Das Dotationskapital der Tessiner Kantonalbank wird massiv von 240 auf 500 Millionen Franken ausgeweitet. Dies teilte der Kanton Tessin als Eignerin des Instituts mit.

Geldwäscherei

Das vierte GAFI-Länderexamen zur Bekämpfung der Geldwäscherei und Terrorismus-Finanzierung stellt der Schweiz ein gutes Zeugnis aus.

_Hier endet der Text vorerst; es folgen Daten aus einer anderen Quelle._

lemma no_h1_near_of_dist:
  assumes "xy \<in> two_color_edges E f 1 2"
    and "\<not> (\<exists>e. dist_le_on (component E f 1 2 xy) xy e 2 \<and> f e = 1 \<and> h e = 1)"
  shows "no_h1_near E h f xy"
  unfolding no_h1_near_def
proof (intro allI impI)
  fix n e assume "n \<le> 3" "walk_steps_in (two_color_edges E f 1 2) n xy e" "f e = 1"
  then have "walk_steps_in (component E f 1 2 xy) n xy e" "e \<in> component E f 1 2 xy" "n \<le> 2 + 1"
    using walk_steps_in_component[OF assms(1)] by auto
  then have "dist_le_on (component E f 1 2 xy) xy e 2"
    unfolding dist_le_on_def using component_self[OF assms(1)] by blast
  then show "h e \<noteq> 1" using assms(2) \<open>f e = 1\<close> by blast
qed

lemma no_h1_near_restricts_12:
  assumes "no_h1_near E h f xy" "restricts_12 E f g" "xy \<in> E"
  shows "no_h1_near E h g xy"
  unfolding no_h1_near_def
proof (intro allI impI)
  fix n e assume "n \<le> 3" and walk: "walk_steps_in (two_color_edges E g 1 2) n xy e" and "g e = 1"
  have sub: "two_color_edges E g 1 2 \<subseteq> two_color_edges E f 1 2"
    using assms(2) unfolding restricts_12_def two_color_edges_def by auto
  have "walk_steps_in (two_color_edges E f 1 2) n xy e"
    using walk unfolding walk_steps_in_def by (rule relpowp_mono[rotated]) (use sub in blast)
  moreover have "e \<in> E"
    using walk_steps_in_target[OF walk] \<open>xy \<in> E\<close> unfolding two_color_edges_def by blast
  then have "f e = 1" using assms(2) \<open>g e = 1\<close> unfolding restricts_12_def by auto
  ultimately show "h e \<noteq> 1" using assms(1) \<open>n \<le> 3\<close> unfolding no_h1_near_def by blast
qed
text \<open>Charge every edge of an acyclic matching M, except the one at p, to a set gadget Q_s:
the edges at u_s or w_s, the cross edges u_{sa} v_a, and the edges p_i u_{sa}. Acyclicity
forbids the short cycles through a gadget (the triangle u_{sa} u_s w_s, and 4-cycles through
p_i or through u_s or w_s), and a case analysis shows that a gadget carrying x cross edges is
charged at most 2 + 2x/3 edges, with equality only if x = 0, or x = 3 and u_s or w_s is matched.
Cross edges are disjoint at X', so |M| <= 1 + 2|C| + 2n/3 = l. Hence a matching of size l is
tight everywhere: p p_q is matched for some q, and the gadgets carrying cross edges cover X
exactly once. Each of them lies in S_q, for otherwise p_q, two of its interface vertices and a
matched u_s or w_s would span a 4-cycle.\<close>

lemma has_cycle_triangle:
  assumes "distinct [a, b, c]" "{a, b} \<in> F" "{b, c} \<in> F" "{c, a} \<in> F"
  shows "has_cycle F"
  unfolding has_cycle_def
proof (intro exI[of _ "[a, b, c]"] conjI allI impI)
  fix i assume "i < length [a, b, c]"
  then have "i = 0 \<or> i = 1 \<or> i = 2" by auto
  then show "{[a, b, c] ! i, [a, b, c] ! ((i + 1) mod length [a, b, c])} \<in> F"
    using assms by (elim disjE) simp_all
qed (use assms in simp_all)

lemma has_cycle_square:
  assumes "distinct [a, b, c, d]" "{a, b} \<in> F" "{b, c} \<in> F" "{c, d} \<in> F" "{d, a} \<in> F"
  shows "has_cycle F"
  unfolding has_cycle_def
proof (intro exI[of _ "[a, b, c, d]"] conjI allI impI)
  fix i assume "i < length [a, b, c, d]"
  then have "i = 0 \<or> i = 1 \<or> i = 2 \<or> i = 3" by auto
  then show "{[a, b, c, d] ! i, [a, b, c, d] ! ((i + 1) mod length [a, b, c, d])} \<in> F"
    using assms by (elim disjE) simp_all
qed (use assms in simp_all)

Nur Italien und Spanien schnitten bisher besser ab. Kritisiert wurde etwa, dass hierzulande der Schwellenwert für Bargeld-Transaktionen bei 25'000 Franken liegt. Das ist mehr als der vorgesehene GAFI-Schwellenwert von 15'000 Dollar.

Swiss Life

Der Immobilienfonds von Swiss Life REF Swiss Properties kauft eine Immobilie in der Innenstadt von Basel. Damit steigt der Wert des Immobilienportfolios auf 620 Millionen Franken. Zur Finanzierung weiterer Akquisitionen will Swiss Life dem Fonds weitere 100 Millionen Franken zuführen. Dies soll über eine Kapitalerhöhung geschehen. Geplant ist die Emission neuer Anteile mit einem Bezugsverhältnis von 5:1.

Temenos

Die staatliche ägyptische Housing and Development Bank, einer der grossen Hypotheken-Institute im nahöstlichen Land mit 1,5 Millionen Kunden, ist auf das Kernbanken-System von Temenos migriert. Der Genfer Bankensoftware-Hersteller wurde dabei von der ägyptischen Partnerfirma Masaref unterstützt.